**Exercise objective:**
Return, exactly and in full, the lines of the records below starting at the one with "(\<forall>x\<in>X. le x x) \<and>" and ending at the one with "('a \<Rightarrow> 'c)", and no other lines.

(Dataset items)
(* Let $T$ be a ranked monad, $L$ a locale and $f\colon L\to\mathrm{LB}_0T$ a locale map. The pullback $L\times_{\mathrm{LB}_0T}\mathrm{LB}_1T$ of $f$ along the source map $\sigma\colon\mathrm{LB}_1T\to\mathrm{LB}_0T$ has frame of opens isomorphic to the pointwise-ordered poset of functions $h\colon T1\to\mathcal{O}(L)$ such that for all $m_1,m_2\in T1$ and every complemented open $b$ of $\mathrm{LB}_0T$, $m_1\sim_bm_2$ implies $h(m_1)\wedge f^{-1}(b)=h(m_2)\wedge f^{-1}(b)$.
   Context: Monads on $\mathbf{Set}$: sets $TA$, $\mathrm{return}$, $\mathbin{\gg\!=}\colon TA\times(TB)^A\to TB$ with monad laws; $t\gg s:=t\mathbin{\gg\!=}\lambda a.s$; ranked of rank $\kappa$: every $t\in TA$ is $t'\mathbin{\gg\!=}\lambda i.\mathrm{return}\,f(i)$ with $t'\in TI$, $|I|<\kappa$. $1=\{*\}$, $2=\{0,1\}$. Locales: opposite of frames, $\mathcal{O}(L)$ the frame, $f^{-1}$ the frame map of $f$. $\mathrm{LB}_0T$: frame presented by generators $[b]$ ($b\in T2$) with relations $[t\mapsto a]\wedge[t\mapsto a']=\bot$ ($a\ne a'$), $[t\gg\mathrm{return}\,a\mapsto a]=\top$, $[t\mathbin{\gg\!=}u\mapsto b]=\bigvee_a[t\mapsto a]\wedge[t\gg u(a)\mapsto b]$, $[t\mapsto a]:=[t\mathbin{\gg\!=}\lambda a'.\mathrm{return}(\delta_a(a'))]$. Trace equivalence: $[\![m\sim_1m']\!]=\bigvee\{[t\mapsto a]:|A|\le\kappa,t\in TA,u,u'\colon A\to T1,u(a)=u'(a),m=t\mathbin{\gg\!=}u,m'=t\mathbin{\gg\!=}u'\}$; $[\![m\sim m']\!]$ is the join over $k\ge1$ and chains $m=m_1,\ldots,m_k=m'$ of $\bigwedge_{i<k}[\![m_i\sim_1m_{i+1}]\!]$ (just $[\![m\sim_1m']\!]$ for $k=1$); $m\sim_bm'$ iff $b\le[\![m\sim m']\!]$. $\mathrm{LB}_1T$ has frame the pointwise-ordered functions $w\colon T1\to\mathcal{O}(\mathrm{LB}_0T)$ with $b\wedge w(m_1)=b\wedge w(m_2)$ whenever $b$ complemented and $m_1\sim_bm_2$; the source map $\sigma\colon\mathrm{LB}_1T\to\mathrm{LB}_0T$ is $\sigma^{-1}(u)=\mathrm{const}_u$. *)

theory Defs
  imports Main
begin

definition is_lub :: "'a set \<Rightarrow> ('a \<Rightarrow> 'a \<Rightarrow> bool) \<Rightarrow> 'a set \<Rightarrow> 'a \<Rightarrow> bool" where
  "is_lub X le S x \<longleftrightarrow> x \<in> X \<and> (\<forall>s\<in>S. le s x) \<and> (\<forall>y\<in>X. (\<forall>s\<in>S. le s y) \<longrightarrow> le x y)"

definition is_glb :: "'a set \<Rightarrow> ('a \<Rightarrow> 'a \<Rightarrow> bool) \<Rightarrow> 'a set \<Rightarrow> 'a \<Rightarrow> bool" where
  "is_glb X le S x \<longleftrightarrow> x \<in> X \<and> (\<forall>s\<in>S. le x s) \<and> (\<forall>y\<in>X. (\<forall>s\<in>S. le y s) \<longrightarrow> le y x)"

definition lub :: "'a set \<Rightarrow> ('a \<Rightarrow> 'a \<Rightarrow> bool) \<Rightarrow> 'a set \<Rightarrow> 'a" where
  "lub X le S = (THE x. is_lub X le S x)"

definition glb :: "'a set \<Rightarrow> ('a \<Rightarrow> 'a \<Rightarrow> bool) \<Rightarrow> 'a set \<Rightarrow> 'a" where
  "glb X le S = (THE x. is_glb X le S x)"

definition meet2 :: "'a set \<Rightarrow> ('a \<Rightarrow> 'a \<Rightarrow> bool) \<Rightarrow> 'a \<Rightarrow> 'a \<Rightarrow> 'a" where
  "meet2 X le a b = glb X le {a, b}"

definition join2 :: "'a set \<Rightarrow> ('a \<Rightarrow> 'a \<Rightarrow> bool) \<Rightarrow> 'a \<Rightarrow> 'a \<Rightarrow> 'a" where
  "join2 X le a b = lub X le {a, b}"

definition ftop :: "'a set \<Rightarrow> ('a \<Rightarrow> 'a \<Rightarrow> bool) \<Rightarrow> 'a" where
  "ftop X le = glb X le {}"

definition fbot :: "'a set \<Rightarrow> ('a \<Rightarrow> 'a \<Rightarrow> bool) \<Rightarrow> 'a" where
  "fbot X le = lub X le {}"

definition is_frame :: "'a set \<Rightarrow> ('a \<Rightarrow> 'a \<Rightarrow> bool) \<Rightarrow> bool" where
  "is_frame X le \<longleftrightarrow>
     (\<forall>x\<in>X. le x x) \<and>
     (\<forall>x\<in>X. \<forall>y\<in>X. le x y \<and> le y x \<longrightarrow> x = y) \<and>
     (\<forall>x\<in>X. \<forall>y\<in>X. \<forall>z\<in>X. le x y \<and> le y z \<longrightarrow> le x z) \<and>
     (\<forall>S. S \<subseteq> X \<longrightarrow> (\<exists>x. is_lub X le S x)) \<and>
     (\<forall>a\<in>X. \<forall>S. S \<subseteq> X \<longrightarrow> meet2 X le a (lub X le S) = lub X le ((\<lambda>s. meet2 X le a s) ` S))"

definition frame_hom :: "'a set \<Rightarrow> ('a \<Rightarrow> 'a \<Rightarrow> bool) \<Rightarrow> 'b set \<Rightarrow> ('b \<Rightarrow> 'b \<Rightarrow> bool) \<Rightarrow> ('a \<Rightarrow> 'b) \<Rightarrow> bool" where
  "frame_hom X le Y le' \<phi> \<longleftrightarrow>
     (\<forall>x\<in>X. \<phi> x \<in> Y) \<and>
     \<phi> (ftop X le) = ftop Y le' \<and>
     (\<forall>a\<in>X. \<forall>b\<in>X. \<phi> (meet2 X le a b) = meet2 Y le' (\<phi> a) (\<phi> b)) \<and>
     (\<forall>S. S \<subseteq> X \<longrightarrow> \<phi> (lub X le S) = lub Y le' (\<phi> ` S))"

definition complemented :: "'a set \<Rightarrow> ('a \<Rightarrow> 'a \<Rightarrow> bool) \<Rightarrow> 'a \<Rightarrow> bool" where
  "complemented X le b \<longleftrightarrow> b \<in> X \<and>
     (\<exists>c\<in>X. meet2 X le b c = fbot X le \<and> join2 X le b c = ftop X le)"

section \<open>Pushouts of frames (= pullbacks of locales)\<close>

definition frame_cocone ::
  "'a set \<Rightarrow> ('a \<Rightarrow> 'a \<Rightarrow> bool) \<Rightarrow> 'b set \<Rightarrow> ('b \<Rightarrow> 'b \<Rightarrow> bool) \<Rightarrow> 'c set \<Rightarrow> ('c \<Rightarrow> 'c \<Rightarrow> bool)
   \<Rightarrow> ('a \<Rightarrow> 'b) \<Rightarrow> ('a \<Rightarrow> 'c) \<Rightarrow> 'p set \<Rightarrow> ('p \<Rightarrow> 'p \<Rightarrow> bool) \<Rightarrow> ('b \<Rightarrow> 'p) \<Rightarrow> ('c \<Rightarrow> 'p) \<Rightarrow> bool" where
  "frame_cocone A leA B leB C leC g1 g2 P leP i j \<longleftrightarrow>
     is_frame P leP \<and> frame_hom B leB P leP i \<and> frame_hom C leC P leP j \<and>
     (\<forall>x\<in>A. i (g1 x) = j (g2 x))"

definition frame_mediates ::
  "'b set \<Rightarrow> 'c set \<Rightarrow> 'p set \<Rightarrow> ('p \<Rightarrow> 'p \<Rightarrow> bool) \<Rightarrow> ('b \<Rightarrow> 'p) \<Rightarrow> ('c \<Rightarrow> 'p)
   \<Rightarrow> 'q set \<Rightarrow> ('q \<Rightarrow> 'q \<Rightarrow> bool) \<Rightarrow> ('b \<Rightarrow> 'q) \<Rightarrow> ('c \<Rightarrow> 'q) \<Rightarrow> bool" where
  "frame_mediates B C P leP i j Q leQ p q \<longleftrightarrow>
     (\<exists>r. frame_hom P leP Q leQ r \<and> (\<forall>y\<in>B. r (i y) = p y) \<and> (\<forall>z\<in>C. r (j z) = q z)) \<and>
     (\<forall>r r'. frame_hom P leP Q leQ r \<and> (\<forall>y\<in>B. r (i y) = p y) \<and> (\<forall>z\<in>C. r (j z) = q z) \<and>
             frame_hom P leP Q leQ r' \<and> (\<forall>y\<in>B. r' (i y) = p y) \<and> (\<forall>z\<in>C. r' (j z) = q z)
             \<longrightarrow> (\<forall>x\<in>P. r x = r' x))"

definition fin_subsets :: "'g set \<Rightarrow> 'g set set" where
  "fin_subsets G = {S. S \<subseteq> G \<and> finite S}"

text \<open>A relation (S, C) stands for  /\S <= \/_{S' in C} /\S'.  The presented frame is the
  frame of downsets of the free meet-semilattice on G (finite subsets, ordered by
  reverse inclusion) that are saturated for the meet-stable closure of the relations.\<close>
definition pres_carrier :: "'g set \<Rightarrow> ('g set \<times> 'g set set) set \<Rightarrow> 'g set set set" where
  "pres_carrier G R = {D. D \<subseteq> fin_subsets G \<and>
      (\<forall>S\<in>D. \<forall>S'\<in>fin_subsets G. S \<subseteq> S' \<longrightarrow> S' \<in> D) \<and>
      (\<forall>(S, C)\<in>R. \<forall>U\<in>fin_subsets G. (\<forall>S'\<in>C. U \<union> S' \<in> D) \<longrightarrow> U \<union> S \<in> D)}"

**Reply to the exercise:**
     (\<forall>x\<in>X. le x x) \<and>
     (\<forall>x\<in>X. \<forall>y\<in>X. le x y \<and> le y x \<longrightarrow> x = y) \<and>
     (\<forall>x\<in>X. \<forall>y\<in>X. \<forall>z\<in>X. le x y \<and> le y z \<longrightarrow> le x z) \<and>
     (\<forall>S. S \<subseteq> X \<longrightarrow> (\<exists>x. is_lub X le S x)) \<and>
     (\<forall>a\<in>X. \<forall>S. S \<subseteq> X \<longrightarrow> meet2 X le a (lub X le S) = lub X le ((\<lambda>s. meet2 X le a s) ` S))"

definition frame_hom :: "'a set \<Rightarrow> ('a \<Rightarrow> 'a \<Rightarrow> bool) \<Rightarrow> 'b set \<Rightarrow> ('b \<Rightarrow> 'b \<Rightarrow> bool) \<Rightarrow> ('a \<Rightarrow> 'b) \<Rightarrow> bool" where
  "frame_hom X le Y le' \<phi> \<longleftrightarrow>
     (\<forall>x\<in>X. \<phi> x \<in> Y) \<and>
     \<phi> (ftop X le) = ftop Y le' \<and>
     (\<forall>a\<in>X. \<forall>b\<in>X. \<phi> (meet2 X le a b) = meet2 Y le' (\<phi> a) (\<phi> b)) \<and>
     (\<forall>S. S \<subseteq> X \<longrightarrow> \<phi> (lub X le S) = lub Y le' (\<phi> ` S))"

definition complemented :: "'a set \<Rightarrow> ('a \<Rightarrow> 'a \<Rightarrow> bool) \<Rightarrow> 'a \<Rightarrow> bool" where
  "complemented X le b \<longleftrightarrow> b \<in> X \<and>
     (\<exists>c\<in>X. meet2 X le b c = fbot X le \<and> join2 X le b c = ftop X le)"

section \<open>Pushouts of frames (= pullbacks of locales)\<close>

definition frame_cocone ::
  "'a set \<Rightarrow> ('a \<Rightarrow> 'a \<Rightarrow> bool) \<Rightarrow> 'b set \<Rightarrow> ('b \<Rightarrow> 'b \<Rightarrow> bool) \<Rightarrow> 'c set \<Rightarrow> ('c \<Rightarrow> 'c \<Rightarrow> bool)
   \<Rightarrow> ('a \<Rightarrow> 'b) \<Rightarrow> ('a \<Rightarrow> 'c) \<Rightarrow> 'p set \<Rightarrow> ('p \<Rightarrow> 'p \<Rightarrow> bool) \<Rightarrow> ('b \<Rightarrow> 'p) \<Rightarrow> ('c \<Rightarrow> 'p) \<Rightarrow> bool" where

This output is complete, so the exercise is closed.